lemma has_psum_dominated:
  assumes le: "\<forall>x\<in>A. f x \<preceq> g x" and g: "has_psum add z g A t"
  shows "\<exists>s. has_psum add z f A s \<and> s \<preceq> t"
proof -
  have partial: "\<exists>s. sum_opt f F = Some s \<and> s \<preceq> t" if F: "F \<in> Fpow A" for F
  proof -
    obtain u where u: "sum_opt g F = Some u" "u \<preceq> t" using has_psum_partial_le[OF g F] by blast
    moreover obtain s where "sum_opt f F = Some s" "s \<preceq> u"
      using sum_opt_mono[of F f g u] le F u(1) unfolding Fpow_def by blast
    ultimately show ?thesis using le_trans by blast
  qed
  then obtain s where s: "has_psum add z f A s"
    using has_psum_exists unfolding sums_defined_def by fastforce
  moreover have "s \<preceq> t" using has_psum_least[OF s] partial by force
  ultimately show ?thesis by blast
qed

lemma has_psum_mult_right:
  assumes "has_psum add z f A s"
  shows "has_psum add z (\<lambda>x. mul (f x) c) A (mul s c)"
proof -
  from assms have defined: "sums_defined f A" and lub: "is_lub (partial_sums f A) s"
    unfolding has_psum_iff by auto
  have sum_mult: "sum_opt (\<lambda>x. mul (f x) c) F = Some (mul (the (sum_opt f F)) c)"
    if F: "F \<in> Fpow A" for F
  proof -
    obtain t where "sum_opt f F = Some t" using defined F unfolding sums_defined_def by blast
    moreover have "finite F" using F unfolding Fpow_def by blast
    ultimately show ?thesis using sum_opt_mult_right by simp
  qed
  then have "sums_defined (\<lambda>x. mul (f x) c) A"
    unfolding sums_defined_def by simp
  moreover have "partial_sums (\<lambda>x. mul (f x) c) A = (\<lambda>x. mul x c) ` partial_sums f A"
    unfolding partial_sums_def image_image using sum_mult by simp
  ultimately show ?thesis
    unfolding has_psum_iff using lub_mult_right[OF partial_sums_directed[OF defined] lub] by simp
qed

lemma has_psum_mono_neutral:
  assumes "B \<subseteq> A" "\<forall>x\<in>A - B. f x = z"
  shows "has_psum add z f A s \<longleftrightarrow> has_psum add z f B s"
proof -
  have restrict: "sum_opt f F = sum_opt f (F \<inter> B)" "F \<inter> B \<in> Fpow B" if F: "F \<in> Fpow A" for F
  proof -
    from F have "finite F" "F \<subseteq> A" unfolding Fpow_def by auto
    with assms(2) show "sum_opt f F = sum_opt f (F \<inter> B)"
      using sum_opt_mono_neutral by blast
    from \<open>finite F\<close> show "F \<inter> B \<in> Fpow B" unfolding Fpow_def by blast
  qed
  have Fpow_B: "Fpow B \<subseteq> Fpow A" using assms(1) by (rule Fpow_mono)
  have "sums_defined f A \<longleftrightarrow> sums_defined f B"
    unfolding sums_defined_def by (metis restrict subsetD[OF Fpow_B])
  moreover have "partial_sums f A = partial_sums f B"
    unfolding partial_sums_def
  proof (intro equalityI image_subsetI)
    fix F assume "F \<in> Fpow A"
    from restrict[OF this] show "the (sum_opt f F) \<in> (\<lambda>F. the (sum_opt f F)) ` Fpow B"
      by (simp add: rev_image_eqI)
  next
    fix F assume "F \<in> Fpow B"
    with Fpow_B show "the (sum_opt f F) \<in> (\<lambda>F. the (sum_opt f F)) ` Fpow A"
      by (intro imageI) blast
  qed
  ultimately show ?thesis unfolding has_psum_iff by simp
qed

lemma has_psum_neutral:
  assumes "\<forall>x\<in>A. f x = z"
  shows "has_psum add z f A z"
proof -
  have sums: "sum_opt f F = Some z" if "F \<in> Fpow A" for F
    using that assms by (intro sum_opt_neutral) (auto simp: Fpow_def)
  have "partial_sums f A = (\<lambda>F. z) ` Fpow A"
    unfolding partial_sums_def by (rule image_cong) (simp_all add: sums)
  also have "\<dots> = {z}"
    using Fpow_not_empty by (simp add: image_constant_conv)
  finally show ?thesis
    using sums unfolding has_psum_iff sums_defined_def using lub_singleton by simp
qed

lemma has_psum_add:
  assumes a: "has_psum add z a A sa" and b: "has_psum add z b A sb" and c: "has_psum add z c A sc"
    and abc: "\<forall>x\<in>A. add (a x) (b x) = Some (c x)"
  shows "add sa sb = Some sc"
proof -
  from a b c have defined: "sums_defined a A" "sums_defined b A" "sums_defined c A"
    and lub_a: "is_lub ((\<lambda>F. the (sum_opt a F)) ` Fpow A) sa"
    and lub_b: "is_lub ((\<lambda>F. the (sum_opt b F)) ` Fpow A) sb"
    and lub_c: "is_lub ((\<lambda>F. the (sum_opt c F)) ` Fpow A) sc"
    by (simp_all only: has_psum_iff partial_sums_def)
  have partial_add: "add (the (sum_opt a F)) (the (sum_opt b F)) = Some (the (sum_opt c F))"
    if F: "F \<in> Fpow A" for F
  proof -
    obtain ta tb where ab: "sum_opt a F = Some ta" "sum_opt b F = Some tb"
      using defined(1,2) F unfolding sums_defined_def by blast
    have "sum_opt c F = add_opt (sum_opt a F) (sum_opt b F)"
      using abc F unfolding Fpow_def by (intro sum_opt_add) blast
    with ab have "sum_opt c F = add ta tb" by simp
    moreover obtain tc where "sum_opt c F = Some tc"
      using defined(3) F unfolding sums_defined_def by blast
    ultimately show ?thesis using ab by (metis option.sel)
  qed
  have "directed_wrt (\<lambda>F G. the (sum_opt a F) \<preceq> the (sum_opt a G) \<and> the (sum_opt b F) \<preceq> the (sum_opt b G))
      (Fpow A)"
    using directed_wrt_Fpow by (rule directed_wrt_mono) (use defined sum_opt_Fpow_mono in blast)
  then obtain sc' where "add sa sb = Some sc'" "is_lub ((\<lambda>F. the (sum_opt c F)) ` Fpow A) sc'"
    using lub_add_diagonal[OF _ lub_a lub_b, where c="\<lambda>F. the (sum_opt c F)"] partial_add by blast
  with lub_c show ?thesis using lub_unique by blast
qed
lemma padded_relcomp_in_outer_tracks:
  assumes "FA_recognizable S R1" "FA_recognizable S R2" "s \<in> padded_conv_lang (R1 O R2)"
  shows "\<exists>k. s @ replicate k (None, None) \<in> map (\<lambda>(a, b, c). (a, c)) ` composable_tracks S R1 R2"
proof -
  obtain u v w k where uvw: "(u, v) \<in> R1" "(v, w) \<in> R2" "s = conv u w @ replicate k (None, None)"
    using assms(3) unfolding padded_conv_lang_def by blast
  have lists: "u \<in> lists S" "v \<in> lists S" "w \<in> lists S"
    using FA_recognizable_lists assms(1,2) uvw(1,2) by metis+
  define n where "n = max (length s) (length v)"
  define t where "t = zip (pad u n) (zip (pad v n) (pad w n))"
  have len: "length u \<le> n" "length v \<le> n" "length w \<le> n" "length s \<le> n"
    using uvw(3) by (auto simp: n_def)
  have t_snd: "map snd t = zip (pad v n) (pad w n)"
    using len by (simp add: t_def map_snd_zip)
  have t_tracks: "map fst t = pad u n" "map (fst \<circ> snd) t = pad v n" "map (snd \<circ> snd) t = pad w n"
    "length t = n"
    using len by (simp_all add: t_def map_fst_zip t_snd flip: map_map)
  have "t \<in> lists (opt_alphabet S \<times> opt_alphabet S \<times> opt_alphabet S)"
    unfolding t_def by (intro zip_in_lists pad_in_lists_opt lists)
  moreover have "map (\<lambda>(a, b, c). (a, b)) t \<in> padded_conv_lang R1"
    "map snd t \<in> padded_conv_lang R2"
    unfolding padded_conv_lang_iff using uvw len by (auto simp: track_projections t_tracks)
  ultimately have "t \<in> composable_tracks S R1 R2" by (simp add: composable_tracks_def)
  moreover obtain k' where k': "map (\<lambda>(a, b, c). (a, c)) t = conv u w @ replicate k' (None, None)"
    using len conv_padded_iff[of "map (\<lambda>(a, b, c). (a, c)) t" u w]
    by (auto simp: track_projections t_tracks)
  moreover have "k' = k + (n - length s)"
    using arg_cong[OF k', of length] t_tracks(4) uvw(3) len(4) by simp
  ultimately show ?thesis
    using uvw(3) by (intro exI[of _ "n - length s"]) (force simp: replicate_add)
qed
(* Let $N\in\mathbb{C}^{m\times n}$ have rank $r$ and singular value decomposition $N=U\begin{pmatrix}\Sigma & 0\\ 0 & 0\end{pmatrix}V^{\ast}$, where $\Sigma\in\mathbb{C}^{r\times r}$ is diagonal with positive diagonal entries and $U\in\mathbb{C}^{m\times m}$, $V\in\mathbb{C}^{n\times n}$ are unitary. Let $X\in\mathbb{C}^{m\times m}$ and $Y\in\mathbb{C}^{n\times n}$ be nonsingular, and let $M_{1}=XN$, $M_{2}=NY$. (1) If $X=U\begin{pmatrix}X_{1} & 0\\ X_{2} & X_{4}\end{pmatrix}U^{\ast}$ for some $X_{1}\in\mathbb{C}^{r\times r}$, $X_{2}\in\mathbb{C}^{(m-r)\times r}$, $X_{4}\in\mathbb{C}^{(m-r)\times(m-r)}$, then $$M_{1}^{\dagger}=N^{\dagger}X^{-1}NN^{\dagger}(I+R^{\ast}R)^{-1}(I+R^{\ast}),$$ where $R=XE_{N}X^{-1}(E_{N}-I)$. (2) If $Y=V\begin{pmatrix}Y_{1} & Y_{3}\\ 0 & Y_{4}\end{pmatrix}V^{\ast}$ for some $Y_{1}\in\mathbb{C}^{r\times r}$, $Y_{3}\in\mathbb{C}^{r\times(n-r)}$, $Y_{4}\in\mathbb{C}^{(n-r)\times(n-r)}$, then $$M_{2}^{\dagger}=(I+L^{\ast})(I+LL^{\ast})^{-1}N^{\dagger}NY^{-1}N^{\dagger},$$ where $L=(F_{N}-I)Y^{-1}F_{N}Y$.
   Context: For a complex matrix $A$, $A^{\ast}$ is its conjugate transpose and $A^{\dagger}$ its Moore--Penrose inverse. $E_{A}:=I-AA^{\dagger}$ and $F_{A}:=I-A^{\dagger}A$. $I$ denotes an identity matrix of the appropriate size. *)

theory Defs
  imports "Jordan_Normal_Form.Schur_Decomposition" "Jordan_Normal_Form.DL_Rank"
begin

definition unitary_mat :: "complex mat \<Rightarrow> nat \<Rightarrow> bool" where
  "unitary_mat U k \<longleftrightarrow> U \<in> carrier_mat k k \<and> U * mat_adjoint U = 1\<^sub>m k \<and> mat_adjoint U * U = 1\<^sub>m k"

definition minv :: "complex mat \<Rightarrow> complex mat" where
  "minv A = (THE B. B \<in> carrier_mat (dim_row A) (dim_row A) \<and>
                    A * B = 1\<^sub>m (dim_row A) \<and> B * A = 1\<^sub>m (dim_row A))"

definition mp_pinv :: "complex mat \<Rightarrow> complex mat" where
  "mp_pinv A = (THE B. B \<in> carrier_mat (dim_col A) (dim_row A) \<and>
                  A * B * A = A \<and> B * A * B = B \<and>
                  mat_adjoint (A * B) = A * B \<and> mat_adjoint (B * A) = B * A)"

definition E_proj :: "complex mat \<Rightarrow> complex mat" where
  "E_proj A = 1\<^sub>m (dim_row A) - A * mp_pinv A"

definition F_proj :: "complex mat \<Rightarrow> complex mat" where
  "F_proj A = 1\<^sub>m (dim_col A) - mp_pinv A * A"
definition primitive_roots :: "nat \<Rightarrow> complex set" where
  "primitive_roots d = {z. 0 < d \<and> z ^ d = 1 \<and> (\<forall>e. 0 < e \<and> e < d \<longrightarrow> z ^ e \<noteq> 1)}"

definition cyclotomic :: "nat \<Rightarrow> complex poly" where
  "cyclotomic d = (\<Prod>z\<in>primitive_roots d. [:-z, 1:])"

lemma finite_primitive_roots: "finite (primitive_roots d)"
proof (cases "d > 0")
  case True
  have "primitive_roots d \<subseteq> {z. z ^ d = 1}" by (auto simp: primitive_roots_def)
  thus ?thesis using finite_nth_roots[OF True] finite_subset by blast
qed (auto simp: primitive_roots_def)

lemma primitive_roots_disjoint: "d \<noteq> e \<Longrightarrow> primitive_roots d \<inter> primitive_roots e = {}"
  unfolding primitive_roots_def by (auto dest: linorder_neqE_nat)

lemma roots_unity_eq_UN_primitive_roots:
  assumes "n > 0"
  shows "{z::complex. z ^ n = 1} = (\<Union>d\<in>{d. d dvd n}. primitive_roots d)"
proof safe
  fix z :: complex assume z: "z ^ n = 1"
  define d where "d = (LEAST e. 0 < e \<and> z ^ e = 1)"
  have d: "0 < d \<and> z ^ d = 1"
    unfolding d_def by (rule LeastI[of _ n]) (use assms z in blast)
  have min: "\<And>e. 0 < e \<Longrightarrow> e < d \<Longrightarrow> z ^ e \<noteq> 1"
    unfolding d_def using not_less_Least by blast
  have "z ^ n = (z ^ d) ^ (n div d) * z ^ (n mod d)"
    by (simp only: power_add [symmetric] power_mult [symmetric] mult_div_mod_eq)
  hence "z ^ (n mod d) = 1" using z d by simp
  hence "d dvd n" using min[of "n mod d"] d by (auto simp: dvd_eq_mod_eq_0)
  moreover have "z \<in> primitive_roots d" using d min by (auto simp: primitive_roots_def)
  ultimately show "z \<in> (\<Union>d\<in>{d. d dvd n}. primitive_roots d)" by blast
next
  fix z d assume "d dvd n" "z \<in> primitive_roots d"
  thus "z ^ n = 1" by (auto simp: primitive_roots_def power_mult elim!: dvdE)
qed

lemma monom_one_minus_one_eq_prod_roots_unity:
  assumes n: "n > 0"
  shows "Polynomial.monom 1 n - 1 = (\<Prod>z\<in>{z::complex. z ^ n = 1}. [:-z, 1:])"
proof -
  define p :: "complex poly" where "p = Polynomial.monom 1 n - 1"
  have "degree p = n"
    by (rule degree_eqI_coeff) (use n in \<open>auto simp: p_def coeff_monom\<close>)
  hence "lead_coeff p = 1" using n by (simp add: p_def coeff_monom)
  have "rsquarefree p"
    unfolding rsquarefree_roots
  proof (intro allI notI)
    fix z assume "poly p z = 0 \<and> poly (pderiv p) z = 0"
    hence "z ^ n = 1" "of_nat n * z ^ (n - 1) = 0"
      by (auto simp: p_def pderiv_diff pderiv_monom poly_monom)
    thus False using n by (cases "z = 0") (auto simp: power_0_left)
  qed
  hence "Polynomial.smult (lead_coeff p) (\<Prod>z|poly p z = 0. [:-z, 1:]) = p"
    by (rule complex_poly_decompose_rsquarefree)
  thus ?thesis using \<open>lead_coeff p = 1\<close> by (simp add: p_def poly_monom)
qed
lemma has_real_derivative_gap_energy:
  assumes deriv: "\<And>i. i \<in> {1..p} \<Longrightarrow> ((\<lambda>\<tau>. y \<tau> i) has_real_derivative v i) (at t)"
    and incr: "\<And>i. i \<in> {1..<p} \<Longrightarrow> y t i < y t (i+1)"
  shows "((\<lambda>\<tau>. gap_energy m p (y \<tau>)) has_real_derivative
           (1 - m) * (\<Sum>i=1..<p. (y t (i+1) - y t i) powr (-m) * (v (i+1) - v i))) (at t)"
  unfolding gap_energy_def sum_distrib_left
proof (rule DERIV_sum)
  fix i assume i: "i \<in> {1..<p}"
  have "((\<lambda>\<tau>. y \<tau> (i+1) - y \<tau> i) has_real_derivative v (i+1) - v i) (at t)"
    using i by (intro DERIV_diff deriv) auto
  from DERIV_fun_powr[OF this, of "1 - m"] incr[OF i]
  show "((\<lambda>\<tau>. (y \<tau> (i+1) - y \<tau> i) powr (1 - m)) has_real_derivative
      (1 - m) * ((y t (i+1) - y t i) powr (-m) * (v (i+1) - v i))) (at t)"
    by (simp add: mult.assoc)
qed

lemma has_real_derivative_pair_energy:
  assumes deriv: "\<And>i. i \<in> {1..p} \<Longrightarrow> ((\<lambda>\<tau>. y \<tau> i) has_real_derivative v i) (at t)"
    and incr: "\<And>i. i \<in> {1..<p} \<Longrightarrow> y t i < y t (i+1)"
  shows "((\<lambda>\<tau>. pair_energy m p (y \<tau>)) has_real_derivative
           (1 - m) * (\<Sum>i\<in>{1..p}. \<Sum>j\<in>{1..p}-{i}.
              real_of_int (sgn (int j - int i)) * \<bar>y t j - y t i\<bar> powr (-m) * (v j - v i))) (at t)"
  unfolding pair_energy_def sum_distrib_left
proof (intro DERIV_sum)
  fix i j assume i: "i \<in> {1..p}" and j: "j \<in> {1..p}-{i}"
  have sgn: "sgn (y t j - y t i) = real_of_int (sgn (int j - int i))"
    using sgn_diff_eq_sgn_index_diff[of p "y t"] incr i j by auto
  then have "y t j - y t i \<noteq> 0" using j by (auto simp: sgn_if split: if_splits)
  moreover have "((\<lambda>\<tau>. y \<tau> j - y \<tau> i) has_real_derivative v j - v i) (at t)"
    using i j by (intro DERIV_diff deriv) auto
  ultimately have "((\<lambda>\<tau>. \<bar>y \<tau> j - y \<tau> i\<bar> powr (1 - m)) has_real_derivative (1 - m) *
      sgn (y t j - y t i) * \<bar>y t j - y t i\<bar> powr (1 - m - 1) * (v j - v i)) (at t)"
    by (rule has_real_derivative_abs_powr[rotated])
  then show "((\<lambda>\<tau>. \<bar>y \<tau> j - y \<tau> i\<bar> powr (1 - m)) has_real_derivative (1 - m) *
      (real_of_int (sgn (int j - int i)) * \<bar>y t j - y t i\<bar> powr (-m) * (v j - v i))) (at t)"
    by (simp add: sgn mult.assoc)
qed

Task instructions: Among the lines above, find those holding "preceq" and copy each one.

Final answer:
  assumes le: "\<forall>x\<in>A. f x \<preceq> g x" and g: "has_psum add z g A t"
  shows "\<exists>s. has_psum add z f A s \<and> s \<preceq> t"
  have partial: "\<exists>s. sum_opt f F = Some s \<and> s \<preceq> t" if F: "F \<in> Fpow A" for F
    obtain u where u: "sum_opt g F = Some u" "u \<preceq> t" using has_psum_partial_le[OF g F] by blast
    moreover obtain s where "sum_opt f F = Some s" "s \<preceq> u"
  moreover have "s \<preceq> t" using has_psum_least[OF s] partial by force
  have "directed_wrt (\<lambda>F G. the (sum_opt a F) \<preceq> the (sum_opt a G) \<and> the (sum_opt b F) \<preceq> the (sum_opt b G))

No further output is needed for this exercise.